Joe is an imprisoned subject, unable to fully embrace or embody his identity, yet unable to achieve the escape and release he desperately seeks. He longs to run away from the McEacherns but remains trapped and static. At one point, Faulkner, in one of a number of animal images associated with Joe, compares his protagonist to an eagle, “though he did not then know that, like the eagle, his own flesh as well as all space was still a cage.” Joe’s roiling and explosive anger is like that of a caged beast, pacing the borders of his imprisoned psyche, serving out a sentence both self-imposed and visited on him by a racist and dismissive society. Joe debases himself further in spurning the kindness and attention that his foster mother forces on him. After overturning the tray of food and throwing it in the corner, Joe’s hunger eventually outweighs his spite, and he is reduced to an animal, eating scraps from the floor.

Summary: Chapter 9

After a time, McEachern notices that Joe’s suit has been worn and realizes that his son is sneaking out at night. One night, he watches as Joe slithers down the rope outside his window and is picked up by a car. Hitching his team, McEachern is guided almost instinctively to the schoolhouse, where a dance is being held. He bursts in on the scene, calling Bobbie a harlot, and begins beating his son, who smashes a chair over his father’s head, killing him.

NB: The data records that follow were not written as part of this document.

text \<open>The logarithmic derivative in \<open>u\<close> of the addition formula for \<open>\<sigma>\<close>.\<close>
lemma zeta_addition:
  assumes u: "u \<notin> \<Lambda>" and b: "b \<notin> \<Lambda>" and ub: "u + b \<notin> \<Lambda>" "u - b \<notin> \<Lambda>"
  shows "\<wp> b \<noteq> \<wp> u" "\<zeta> (u + b) + \<zeta> (u - b) = 2 * \<zeta> u - \<wp>' u / (\<wp> b - \<wp> u)"
proof -
  have add: "\<sigma> (v + b) * \<sigma> (v - b) = \<sigma> v ^ 2 * \<sigma> b ^ 2 * (\<wp> b - \<wp> v)" if "v \<in> -\<Lambda>" for v
    using sigma_addition[of v b] that b by auto
  have nz: "\<sigma> (u + b) * \<sigma> (u - b) \<noteq> 0" using ub sigma_eq_0_iff by auto
  thus ne: "\<wp> b \<noteq> \<wp> u" using add[of u] u by auto
  define Z K S where "Z = \<zeta> (u + b) + \<zeta> (u - b)" and "K = \<wp> b - \<wp> u"
    and "S = \<sigma> u ^ 2 * \<sigma> b ^ 2"
  have "((\<lambda>v. \<sigma> (v + b) * \<sigma> (v - b)) has_field_derivative
          (\<zeta> (u + b) + \<zeta> (u - b)) * (\<sigma> (u + b) * \<sigma> (u - b))) (at u)"
    using DERIV_mult[OF sigma_shift_has_field_derivative[OF ub(1)]
                        sigma_shift_has_field_derivative[of u "-b"]] ub(2)
    by (simp add: algebra_simps)
  hence "((\<lambda>v. \<sigma> v ^ 2 * \<sigma> b ^ 2 * (\<wp> b - \<wp> v)) has_field_derivative
          (\<zeta> (u + b) + \<zeta> (u - b)) * (\<sigma> (u + b) * \<sigma> (u - b))) (at u)"
    by (rule has_field_derivative_transform_within_open[OF _ open_lattice_complement])
       (use u add in auto)
  moreover have "((\<lambda>v. \<sigma> v ^ 2 * \<sigma> b ^ 2 * (\<wp> b - \<wp> v)) has_field_derivative
      2 * \<zeta> u * (\<sigma> u ^ 2 * \<sigma> b ^ 2 * (\<wp> b - \<wp> u)) - \<sigma> u ^ 2 * \<sigma> b ^ 2 * \<wp>' u) (at u)"
    using u by (auto intro!: derivative_eq_intros sigma_has_field_derivative wp_has_field_derivative
                     simp: algebra_simps power2_eq_square)
  ultimately have "Z * (\<sigma> (u + b) * \<sigma> (u - b)) = 2 * \<zeta> u * (S * K) - S * \<wp>' u"
    unfolding Z_def K_def S_def by (intro DERIV_unique)
  hence "S * (Z * K - (2 * \<zeta> u * K - \<wp>' u)) = 0"
    unfolding add[of u, simplified, OF u, folded S_def K_def] by (simp add: algebra_simps)
  moreover have "S \<noteq> 0" using u b sigma_eq_0_iff by (simp add: S_def)
  ultimately have "Z * K = 2 * \<zeta> u * K - \<wp>' u" by simp
  moreover have "K \<noteq> 0" using ne by (simp add: K_def)
  ultimately show "\<zeta> (u + b) + \<zeta> (u - b) = 2 * \<zeta> u - \<wp>' u / (\<wp> b - \<wp> u)"
    by (simp add: Z_def K_def field_simps)
qed

lemma wp_addition:
  assumes x: "x \<notin> \<Lambda>" and \<beta>: "\<beta> \<notin> \<Lambda>" and x\<beta>: "x + \<beta> \<notin> \<Lambda>" "x - \<beta> \<notin> \<Lambda>"
  shows "\<wp> x \<noteq> \<wp> \<beta>" "\<wp> (x + \<beta>) - \<wp> (x - \<beta>) = - \<wp>' x * \<wp>' \<beta> / (\<wp> x - \<wp> \<beta>)^2"
proof -
  define V where "V = -\<Lambda> \<inter> (\<lambda>b. x + b) -` (-\<Lambda>) \<inter> (\<lambda>b. x - b) -` (-\<Lambda>)"
  have V: "open V" "\<beta> \<in> V" unfolding V_def using \<beta> x\<beta>
    by (auto intro!: open_Int open_lattice_complement continuous_open_vimage continuous_intros)
  show ne: "\<wp> x \<noteq> \<wp> \<beta>" using zeta_addition(1)[OF x \<beta> x\<beta>] by simp
  have "((\<lambda>b. \<zeta> (x + b)) has_field_derivative - \<wp> (x + \<beta>) * 1) (at \<beta>)"
    by (rule DERIV_chain2[where g = "\<lambda>b. x + b", OF zeta_has_field_derivative[OF x\<beta>(1)]])
       (auto intro!: derivative_eq_intros)
  moreover have "((\<lambda>b. \<zeta> (x - b)) has_field_derivative - \<wp> (x - \<beta>) * -1) (at \<beta>)"
    by (rule DERIV_chain2[where g = "\<lambda>b. x - b", OF zeta_has_field_derivative[OF x\<beta>(2)]])
       (auto intro!: derivative_eq_intros)
  ultimately have "((\<lambda>b. \<zeta> (x + b) + \<zeta> (x - b)) has_field_derivative - \<wp> (x + \<beta>) + \<wp> (x - \<beta>)) (at \<beta>)"
    using DERIV_add by fastforce
  hence "((\<lambda>b. 2 * \<zeta> x - \<wp>' x / (\<wp> b - \<wp> x)) has_field_derivative - \<wp> (x + \<beta>) + \<wp> (x - \<beta>)) (at \<beta>)"
    by (rule has_field_derivative_transform_within_open[OF _ V])
       (use zeta_addition(2)[OF x] in \<open>auto simp: V_def\<close>)
  moreover have "((\<lambda>b. 2 * \<zeta> x - \<wp>' x / (\<wp> b - \<wp> x)) has_field_derivative
      \<wp>' x * \<wp>' \<beta> / (\<wp> \<beta> - \<wp> x)^2) (at \<beta>)"
    using ne \<beta> by (auto intro!: derivative_eq_intros wp_has_field_derivative simp: power2_eq_square)
  ultimately have "- \<wp> (x + \<beta>) + \<wp> (x - \<beta>) = \<wp>' x * \<wp>' \<beta> / (\<wp> \<beta> - \<wp> x)^2"
    by (rule DERIV_unique)
  thus "\<wp> (x + \<beta>) - \<wp> (x - \<beta>) = - \<wp>' x * \<wp>' \<beta> / (\<wp> x - \<wp> \<beta>)^2"
    by (simp add: power2_commute algebra_simps)
qed

lemma tendsto_square_mult_wp: "((\<lambda>y. y^2 * \<wp> y) \<longlongrightarrow> 1) (at 0)"
proof -
  have "isCont wp_tail 0"
    using wp_tail_has_field_derivative[of 0] by (auto intro: DERIV_isCont)
  hence "((\<lambda>y. 1 + y^2 * wp_tail y) \<longlongrightarrow> 1 + 0^2 * wp_tail 0) (at 0)"
    by (intro tendsto_intros) (auto simp: isCont_def)
  moreover have "eventually (\<lambda>y. 1 + y^2 * wp_tail y = y^2 * \<wp> y) (at 0)"
    by (auto simp: eventually_at_filter wp_eq_tail field_simps)
  ultimately show ?thesis by (auto intro: Lim_transform_eventually)
qed
lemma hankel_det_cong:
  assumes "\<And>i j. i < k \<Longrightarrow> j < k \<Longrightarrow> al i + be j = al' i + be' j"
  shows "hankel_det k f al be = hankel_det k f al' be'"
  unfolding hankel_det_def using assms by (intro arg_cong[where f = det] eq_matI) auto

lemma skew_schur_eq_hankel_det:
  "skew_schur n k lam mu x =
     hankel_det k (\<lambda>d. hsym n d x) (\<lambda>i. int (lam ! i) - int i) (\<lambda>j. int j - int (mu ! j))"
  unfolding skew_schur_def hankel_det_def
  by (intro arg_cong[where f = det] eq_matI) (auto simp: algebra_simps)

lemma minor_A_eq_hankel_det:
  "minor_A n c k rs cs x =
     hankel_det k (\<lambda>d. hsym n d x) (\<lambda>a. int n - int c + 1 - int (rs ! a)) (\<lambda>b. int (cs ! b))"
  unfolding minor_A_def hankel_det_def by (intro arg_cong[where f = det] eq_matI) auto

lemma hankel_det_Leibniz:
  "hankel_det k f al be =
     (\<Sum>p | p permutes {0..<k}. signof p * (\<Prod>i = 0..<k. f (al i + be (p i))))"
proof -
  have "p i < k" if "p permutes {0..<k}" "i < k" for p i
    using that permutes_in_image by fastforce
  then show ?thesis
    unfolding hankel_det_def by (subst det_def'[of _ k]) (auto intro!: sum.cong prod.cong)
qed

lemma hankel_det_eq_0_if_rows_eq:
  assumes "Suc m < k" "al m = al (Suc m)"
  shows "hankel_det k f al be = 0"
  unfolding hankel_det_def using assms by (intro det_identical_rows[of _ k m "Suc m"] eq_vecI) auto

lemma hankel_det_eq_0_if_cols_eq:
  assumes "Suc m < k" "be m = be (Suc m)"
  shows "hankel_det k f al be = 0"
  unfolding hankel_det_def using assms by (intro det_identical_columns[of _ k m "Suc m"] eq_vecI) auto

lemma sum_hankel_det_raise_rows_eq_raise_cols:
  "(\<Sum>I | I \<subseteq> {0..<k} \<and> card I = r. hankel_det k f (raise_at al I) be) =
   (\<Sum>J | J \<subseteq> {0..<k} \<and> card J = r. hankel_det k f al (raise_at be J))"
proof -
  let ?S = "{I. I \<subseteq> {0..<k} \<and> card I = r}"
  have reindex: "(\<Sum>I\<in>?S. \<Prod>i = 0..<k. f (al i + of_bool (i \<in> I) + be (p i))) =
        (\<Sum>J\<in>?S. \<Prod>i = 0..<k. f (al i + (be (p i) + of_bool (p i \<in> J))))"
    if p: "p permutes {0..<k}" for p
  proof -
    have "inj p" using p permutes_inj by blast
    have "(\<Sum>J\<in>?S. \<Prod>i = 0..<k. f (al i + (be (p i) + of_bool (p i \<in> J)))) =
          (\<Sum>I\<in>?S. \<Prod>i = 0..<k. f (al i + (be (p i) + of_bool (p i \<in> p ` I))))"
      by (rule sum.reindex_bij_betw[OF bij_betw_image_card_subsets[OF p], symmetric])
    also have "\<dots> = (\<Sum>I\<in>?S. \<Prod>i = 0..<k. f (al i + of_bool (i \<in> I) + be (p i)))"
      using \<open>inj p\<close> by (simp add: inj_image_mem_iff ac_simps)
    finally show ?thesis by simp
  qed
  have "(\<Sum>I\<in>?S. hankel_det k f (raise_at al I) be) =
        (\<Sum>p | p permutes {0..<k}.
           signof p * (\<Sum>I\<in>?S. \<Prod>i = 0..<k. f (al i + of_bool (i \<in> I) + be (p i))))"
    unfolding hankel_det_Leibniz raise_at_def sum_distrib_left by (rule sum.swap)
  also have "\<dots> = (\<Sum>p | p permutes {0..<k}.
           signof p * (\<Sum>J\<in>?S. \<Prod>i = 0..<k. f (al i + (be (p i) + of_bool (p i \<in> J)))))"
    using reindex by (auto intro!: sum.cong)
  also have "\<dots> = (\<Sum>J\<in>?S. hankel_det k f al (raise_at be J))"
    unfolding hankel_det_Leibniz raise_at_def sum_distrib_left by (rule sum.swap)
  finally show ?thesis .
qed

lemma hankel_det_raise_rows_eq_diff:
  assumes "I0 \<subseteq> {0..<k}" "card I0 = r"
  shows "hankel_det k f (raise_at al I0) be =
    (\<Sum>J | J \<subseteq> {0..<k} \<and> card J = r. hankel_det k f al (raise_at be J)) -
    (\<Sum>I \<in> {I. I \<subseteq> {0..<k} \<and> card I = r} - {I0}. hankel_det k f (raise_at al I) be)"
proof -
  have "finite {I. I \<subseteq> {0..<k} \<and> card I = r}"
    by (rule finite_subset[of _ "Pow {0..<k}"]) auto
  then show ?thesis
    using sum.remove[of _ I0 "\<lambda>I. hankel_det k f (raise_at al I) be"] assms
    by (simp add: sum_hankel_det_raise_rows_eq_raise_cols[symmetric])
qed

inductive_set hankel_span ::
    "nat \<Rightarrow> ((nat \<Rightarrow> int) \<times> (nat \<Rightarrow> int)) set \<Rightarrow> ((int \<Rightarrow> int) \<Rightarrow> int) set"
  for k S where
  zero: "(\<lambda>f. 0) \<in> hankel_span k S"
| basis: "(al, be) \<in> S \<Longrightarrow> (\<lambda>f. hankel_det k f al be) \<in> hankel_span k S"
| diff: "g \<in> hankel_span k S \<Longrightarrow> h \<in> hankel_span k S \<Longrightarrow> (\<lambda>f. g f - h f) \<in> hankel_span k S"

lemma hankel_span_add:
  assumes "g \<in> hankel_span k S" "h \<in> hankel_span k S"
  shows "(\<lambda>f. g f + h f) \<in> hankel_span k S"
  using hankel_span.diff[OF assms(1) hankel_span.diff[OF hankel_span.zero assms(2)]] by simp

lemma hankel_span_sum:
  assumes "finite A" "\<And>x. x \<in> A \<Longrightarrow> g x \<in> hankel_span k S"
  shows "(\<lambda>f. \<Sum>x\<in>A. g x f) \<in> hankel_span k S"
  using assms by (induction A rule: finite_induct) (auto intro: hankel_span.zero hankel_span_add)

lemma hankel_span_skew_schur_combination:
  assumes "g \<in> hankel_span k S"
    and "\<And>al be. (al, be) \<in> S \<Longrightarrow> \<exists>lam mu. P lam mu \<and>
           (\<forall>x. skew_schur n k lam mu x = hankel_det k (\<lambda>d. hsym n d x) al be)"
  shows "\<exists>L :: (int \<times> nat list \<times> nat list) list. (\<forall>(a, lam, mu)\<in>set L. P lam mu) \<and>
           (\<forall>x. g (\<lambda>d. hsym n d x) = (\<Sum>(a, lam, mu)\<leftarrow>L. a * skew_schur n k lam mu x))"
  using assms(1)
proof induction
  case zero
  show ?case by (rule exI[of _ "[]"]) simp
next
  case (basis al be)
  then obtain lam mu where "P lam mu"
    and "\<forall>x. skew_schur n k lam mu x = hankel_det k (\<lambda>d. hsym n d x) al be"
    using assms(2) by blast
  then show ?case by (intro exI[of _ "[(1, lam, mu)]"]) simp
next
  case (diff g h)
  then obtain L1 L2 where L1: "\<forall>(a, lam, mu)\<in>set L1. P lam mu"
      "\<forall>x. g (\<lambda>d. hsym n d x) = (\<Sum>(a, lam, mu)\<leftarrow>L1. a * skew_schur n k lam mu x)"
    and L2: "\<forall>(a, lam, mu)\<in>set L2. P lam mu"
      "\<forall>x. h (\<lambda>d. hsym n d x) = (\<Sum>(a, lam, mu)\<leftarrow>L2. a * skew_schur n k lam mu x)"
    by blast
  have "- (\<Sum>(a, lam, mu)\<leftarrow>L2. a * skew_schur n k lam mu x) =
        (\<Sum>(a, lam, mu)\<leftarrow>map (\<lambda>(a, lam, mu). (- a, lam, mu)) L2. a * skew_schur n k lam mu x)" for x
    by (induction L2) auto
  with L1 L2 show ?case
    by (intro exI[of _ "L1 @ map (\<lambda>(a, lam, mu). (- a, lam, mu)) L2"]) auto
qed

definition strict_decr :: "nat \<Rightarrow> (nat \<Rightarrow> int) \<Rightarrow> bool" where
  "strict_decr k al \<longleftrightarrow> (\<forall>m. Suc m < k \<longrightarrow> al (Suc m) < al m)"

definition strict_incr :: "nat \<Rightarrow> (nat \<Rightarrow> int) \<Rightarrow> bool" where
  "strict_incr k be \<longleftrightarrow> (\<forall>m. Suc m < k \<longrightarrow> be m < be (Suc m))"

lemma strict_decr_gap:
  assumes "strict_decr k al" "i \<le> j" "j < k"
  shows "al j + int j \<le> al i + int i"
proof -
  have "(\<lambda>m. al m + int m) j \<le> (\<lambda>m. al m + int m) i"
  proof (rule lift_Suc_antimono_le_ivl[where N = "{m. Suc m < k}"])
    show "{i..<j} \<subseteq> {m. Suc m < k}" using assms(3) by auto
  qed (use assms(1,2) in \<open>auto simp: strict_decr_def\<close>)
  then show ?thesis by simp
qed

lemma strict_incr_gap:
  assumes "strict_incr k be" "i \<le> j" "j < k"
  shows "be i + int j \<le> be j + int i"
proof -
  have "(\<lambda>m. be m - int m) i \<le> (\<lambda>m. be m - int m) j"
  proof (rule lift_Suc_mono_le_ivl[where N = "{m. Suc m < k}"])
    show "{i..<j} \<subseteq> {m. Suc m < k}" using assms(3) by auto
  qed (use assms(1,2) in \<open>auto simp: strict_incr_def\<close>)
  then show ?thesis by simp
qed

lemma strict_decr_bounds:
  assumes "strict_decr k al" "a < k"
  shows "al (k - 1) + int (k - 1) \<le> al a + int a" "al a + int a \<le> al 0"
  using strict_decr_gap[OF assms(1), of a "k - 1"] strict_decr_gap[OF assms(1), of 0 a] assms(2)
  by simp_all

lemma strict_incr_bounds:
  assumes "strict_incr k be" "b < k"
  shows "be 0 + int b \<le> be b" "be b + int (k - 1) \<le> be (k - 1) + int b"
  using strict_incr_gap[OF assms(1), of 0 b] strict_incr_gap[OF assms(1), of b "k - 1"] assms(2)
  by simp_all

Joe rides his father’s horse back to the house, where he takes all the money his mother had been saving, hidden in a tin beneath a floor plank. Eventually abandoning the fatigued horse, Joe runs to Max and Mame’s house, where Bobbie is packed and ready to return to Memphis. Another man, a stranger, is present as well. The men ask Joe whether he thinks he has actually killed his foster father. Bobbie curses him for getting her into a potentially compromising situation and threatening Max and Mame’s prostitution business. Joe takes his mother’s money out and gives it to Bobbie as his proposal of marriage. She throws the offering back at him and calls him a “nigger son of a bitch.” The men set on him, beating him until Mame finally stops them.